Rory Evans, Allure magazine:
"In his book, O'Connor sets forth a plan for cutting back on cussing. He recommends that you stop habitually swearing, and should also exercise restraint in emotional situations. You will be making a noble sacrifice, bettering the environment for many generations."

Jacquielyn Floyd, The Dallas Morning News:
"O'Connor is a public relations guy whose book challenges people to give up cursing. Personally, I agree with him. Cursing is tacky, offensive, pointless and makes you look like a lout."

Fred Bruning, Newsday:
"O'Connor is not likely to achieve a truly swearless society, but, he says, anything would be an improvement. He says the whole issue has to do with civility."

Michelle Slatalla, Time magazine:
"O'Connor says parents who came of age in the '60s and '70s decided to do what they wanted to do and say what they wanted to say. So today our children are swearing more and swearing younger."

Redbook magazine:
"Parents can't expect their kids to stop swearing unless they do, too, says James V. O'Connor, author of Cuss Control. Kids will imitate not only your language, but also the bad attitude it conveys."

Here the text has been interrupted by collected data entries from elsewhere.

lemma tendsto_integral_mult_AE_bounded:
  fixes s :: "nat \<Rightarrow> 'a \<Rightarrow> real"
  assumes "\<And>i. s i \<in> borel_measurable M" "g \<in> borel_measurable M" "integrable M w"
    and "\<And>x. (\<lambda>i. s i x) \<longlonglongrightarrow> f x" "\<And>i x. \<bar>s i x\<bar> \<le> w x"
    and "AE x in M. \<bar>g x\<bar> \<le> C"
  shows "(\<lambda>i. \<integral>x. s i x * g x \<partial>M) \<longlonglongrightarrow> (\<integral>x. f x * g x \<partial>M)"
proof (rule integral_dominated_convergence[where w="\<lambda>x. w x * C"])
  have "f \<in> borel_measurable M"
    by (rule borel_measurable_LIMSEQ_real[where u=s]) (use assms in auto)
  then show "(\<lambda>x. f x * g x) \<in> borel_measurable M"
    using assms(2) by simp
  show "AE x in M. norm (s i x * g x) \<le> w x * C" for i
    using assms(6)
  proof eventually_elim
    case (elim x)
    have "0 \<le> w x" using assms(5)[of i x] by linarith
    then show ?case using mult_mono[OF assms(5) elim] by (simp add: abs_mult)
  qed
  show "AE x in M. (\<lambda>i. s i x * g x) \<longlonglongrightarrow> f x * g x"
    using assms(4) by (simp add: tendsto_mult_right)
qed (use assms(1-3) in auto)
definition num_edges :: "nat \<Rightarrow> (nat \<Rightarrow> nat \<Rightarrow> bool) \<Rightarrow> nat" where
  "num_edges n adj = card {(i, j). i \<in> {1..n} \<and> j \<in> {1..n} \<and> i < j \<and> adj i j}"

definition Bmat :: "nat \<Rightarrow> (nat \<Rightarrow> nat \<Rightarrow> bool) \<Rightarrow> nat \<Rightarrow> nat \<Rightarrow> real" where
  "Bmat n adj i j = Amat adj i j - deg n adj i * deg n adj j / (2 * real (num_edges n adj))"

definition nbrs2 :: "nat \<Rightarrow> (nat \<Rightarrow> nat \<Rightarrow> bool) \<Rightarrow> nat \<Rightarrow> nat \<Rightarrow> nat set" where
  "nbrs2 n adj i j = (nbrs n adj i \<union> nbrs n adj j) - {i, j}"

text \<open>Variable vectors: d :: nat => nat => real, with d i j = d j i, d i i = 0,
  and (to avoid junk coordinates) d i j = 0 whenever i or j lies outside V.\<close>
definition is_var :: "nat \<Rightarrow> (nat \<Rightarrow> nat \<Rightarrow> real) \<Rightarrow> bool" where
  "is_var n d \<longleftrightarrow> (\<forall>i j. d i j = d j i) \<and> (\<forall>i. d i i = 0) \<and>
     (\<forall>i j. i \<notin> {1..n} \<or> j \<notin> {1..n} \<longrightarrow> d i j = 0)"

definition obj_complete :: "nat \<Rightarrow> (nat \<Rightarrow> nat \<Rightarrow> bool) \<Rightarrow> (nat \<Rightarrow> nat \<Rightarrow> real) \<Rightarrow> real" where
  "obj_complete n adj d =
     (1 / (2 * real (num_edges n adj))) *
       (\<Sum>i\<in>{1..n}. \<Sum>j\<in>{1..n}. Bmat n adj i j * (1 - d i j))"

definition obj_sparse :: "nat \<Rightarrow> (nat \<Rightarrow> nat \<Rightarrow> bool) \<Rightarrow> (nat \<Rightarrow> nat \<Rightarrow> real) \<Rightarrow> real" where
  "obj_sparse n adj d =
     - (1 / (2 * real (num_edges n adj))) *
       (\<Sum>i\<in>{1..n}. \<Sum>j\<in>{1..n}. Bmat n adj i j * d i j)"

definition feasible_complete :: "nat \<Rightarrow> (nat \<Rightarrow> nat \<Rightarrow> real) \<Rightarrow> bool" where
  "feasible_complete n d \<longleftrightarrow> is_var n d \<and>
     (\<forall>i\<in>{1..n}. \<forall>j\<in>{1..n}. \<forall>k\<in>{1..n}. i < j \<and> j < k \<longrightarrow>
        d i j + d j k \<ge> d i k \<and> d i j + d i k \<ge> d j k \<and> d j k + d i k \<ge> d i j) \<and>
     (\<forall>i\<in>{1..n}. \<forall>j\<in>{1..n}. i \<noteq> j \<longrightarrow> 0 \<le> d i j \<and> d i j \<le> 1)"

definition feasible_sparse :: "nat \<Rightarrow> (nat \<Rightarrow> nat \<Rightarrow> bool) \<Rightarrow> (nat \<Rightarrow> nat \<Rightarrow> real) \<Rightarrow> bool" where
  "feasible_sparse n adj d \<longleftrightarrow> is_var n d \<and>
     (\<forall>i\<in>{1..n}. \<forall>j\<in>{1..n}. i \<noteq> j \<longrightarrow>
        (\<forall>k\<in>nbrs2 n adj i j. d i k + d k j \<ge> d i j)) \<and>
     (\<forall>i\<in>{1..n}. \<forall>j\<in>{1..n}. i \<noteq> j \<longrightarrow> 0 \<le> d i j \<and> d i j \<le> 1)"
lemma scdl_at_1_eq_0:
  assumes "\<And>j. 0 \<le> A j" "\<And>j. A j \<le> B j" "i \<le> 1"
  shows "scdl_at 1 i A B = 0"
proof -
  have "max (A j - c * B j) 0 = 0" if "1 \<le> c" for j c
  proof -
    have "0 \<le> B j" using order.trans[OF assms(1,2)] .
    then have "B j \<le> c * B j"
      using that by (simp add: mult_le_cancel_right1)
    then show ?thesis using assms(2)[of j] by simp
  qed
  from this[of 1] this[of 2] assms(1) have zero_terms:
    "max (A j - B j) 0 = 0" "max (A j - 2 * B j) 0 = 0" "max (- A j) 0 = 0" for j
    by auto
  from assms(3) consider "i = 0" | "i = 1" by linarith
  then show ?thesis
    by cases (simp_all add: scdl_at_def scdl_left_def scdl_right_def zero_terms)
qed

lemma SCDL_1_eq_0:
  assumes "\<forall>t<T. y t \<in> {0,1}"
  shows "SCDL 1 T p y = 0"
proof -
  have "(\<lambda>i. scdl_at 1 i (piyw 1 T p y) (piw 1 T p)) ` {0..1} = {0}"
    using scdl_at_1_eq_0[OF piyw_nonneg[OF assms] piyw_le_piw[OF assms]] by auto
  then show ?thesis by (simp add: SCDL_eq_Max_scdl_at[OF assms])
qed

section \<open>Harmonic sums\<close>

lemma sum_inverse_distance_eq_harm: "(\<Sum>j<i. 1 / real (i - j)) = harm i"
  unfolding harm_def
  by (rule sum.reindex_bij_witness[of _ "\<lambda>k. i - k" "\<lambda>j. i - j"]) (auto simp: inverse_eq_divide)

lemma one_le_harm: "1 \<le> m \<Longrightarrow> 1 \<le> (harm m :: real)"
  using harm_mono[of 1 m] by (simp add: harm_def)

lemma harm_le_3_ln:
  assumes "2 \<le> m"
  shows "harm m \<le> 3 * ln (real m)"
proof -
  have "harm m - ln (real m) \<le> harm 1 - ln (real (1::nat))"
    by (rule euler_mascheroni_sequence_decreasing) (use assms in auto)
  then have "harm m \<le> 1 + ln (real m)" by (simp add: harm_def)
  moreover have "ln 2 \<le> ln (real m)" using assms by simp
  ultimately show ?thesis using ln2_ge_two_thirds by linarith
qed

lemma sum_inverse_upper_half_ge:
  assumes "1 \<le> k" "k \<le> i"
  shows "1 / 2 \<le> (\<Sum>r\<in>{1..i}. if k \<le> 2 * r \<and> r \<le> k then 1 / real r else 0)"
proof -
  have "{r \<in> {1..i}. k \<le> 2 * r \<and> r \<le> k} = {(k + 1) div 2..k}"
    using assms by auto
  then have "(\<Sum>r\<in>{1..i}. if k \<le> 2 * r \<and> r \<le> k then 1 / real r else 0)
      = (\<Sum>r\<in>{(k + 1) div 2..k}. 1 / real r)"
    by (simp add: sum.inter_filter[symmetric])
  also have "\<dots> \<ge> (\<Sum>r\<in>{(k + 1) div 2..k}. 1 / real k)"
    using assms by (intro sum_mono) (auto intro!: divide_left_mono)
  also have "(\<Sum>r\<in>{(k + 1) div 2..k}. 1 / real k) = real (k + 1 - (k + 1) div 2) / real k"
    by simp
  also have "\<dots> \<ge> 1 / 2"
  proof -
    have "real k \<le> 2 * real (k + 1 - (k + 1) div 2)" by linarith
    then show ?thesis using assms by (simp add: field_simps)
  qed
  finally show ?thesis .
qed

section \<open>Perturbation of the loss\<close>

text \<open>A far bin changes its term only if its mass is small, and the mass of the near
  bins is controlled by the loss at the thresholds \<open>i - r\<close>, \<open>(i - j) / 2 \<le> r \<le> i - j\<close>.\<close>

definition near_bins :: "nat \<Rightarrow> nat \<Rightarrow> (nat \<Rightarrow> real) \<Rightarrow> (nat \<Rightarrow> real) \<Rightarrow> nat set" where
  "near_bins m i A B =
     {j. j < i \<and> - (real (i - j) * B j / (4 * real m)) \<le> A j - real (i + 1) / real m * B j}"

lemma near_bins_subset: "near_bins m i A B \<subseteq> {..<i}"
  by (auto simp: near_bins_def)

William Norich, House & Garden:
"James O'Connor is a man whose time has definitely arrived. He considers swearing a bad habit that anyone can, and should, break, like smoking."

Karen Peterson, USA TODAY:
"Obscenities have become a verbal crutch, and swearing is almost always a negative, says James O'Connor, the anti-cussing crusader and author. He says profanity is lazy language that reveals more about the swearer than the subject of the cursing."

Diane White, the Boston Globe:
"In Cuss Control, James V. O'Connor writes that at the rate we are going, swearing will be so common that it will be about as much fun as a nudist camp. Like institutionalized nudity, swearing is losing its mystery, its power to shock. It is so ubiquitous that it's boring, and that's a shame, because cursing has its uses."

Lenita Powers, Reno Gazette-Journal
"O'Connor claims that a lot of swearing is just lazy language. By eliminating the swear words, people can communicate more precisely while projecting a more intelligent and positive image."

Ellen Creager, Knight Ridder News Service:
"The best reason to stop swearing, says O'Connor, is to raise other people's opinion of you. Others might not say anything when you swear, but they are judging your personality and attitude."

Jim Shea, The Hartford Courant:
"It might be tempting to dismiss O'Connor as a crusader. But he comes across as rational, down to earth and possessing an easy sense of humor."

Deneen L. Brown, The Washington Post:
"O'Connor is a nice man. He used to curse himself until he thought about it. He argues that all the unleashed cuss words are chipping away at our civility."

Deanna Isaacs, the Reader's Guide:
"It's easy to think positively about O'Connor. He's funny and he's touched a nerve with a lot of people. And it all makes sense, doesn't it? Who can argue with a plea for a return to civility?"

Amy Reynolds Alexander, Investor's Business Daily:
"O'Connor's book is a humorous but effective guide to controlling one's use of foul language. Replacements words are just Band-Aids, he writes. If you swear, try to determine why you feel the need to let filth fly."

Linda Peterson, Biography Magazine:
"Cursing is so pervasive it has lost its shock value-so why do people still do it? It's extremely lazy language, says O'Connor. He adds that we're complaining because we are impatient and intolerant. We allow ourselves to be frustrated over every little thing."

Janie Magruder, The Arizona Republic:
"O'Connor says the goal is not to become a person who doesn't swear, but a person who doesn't need to swear."

Cosmopolitan magazine:
"How to break the high-schoolish speech habit? Jim O'Connor says speak more slowly and don't be afraid to pause and recast your thoughts instead of using worthless words."

HR magazine:
"According to O'Connor, casual swearing may be perceived as a sign of immaturity or weak character. He says employers want workers who are upbeat, can deal with daily aggravations and confront problems with an I-can-fix-it attitude."

Christopher Noxon, The Los Angeles Times:
"To O'Connor, curbing your cursing is akin to fighting crime by ticketing vandals and loiterers–fix the little things and you prevent the big things from ever happening."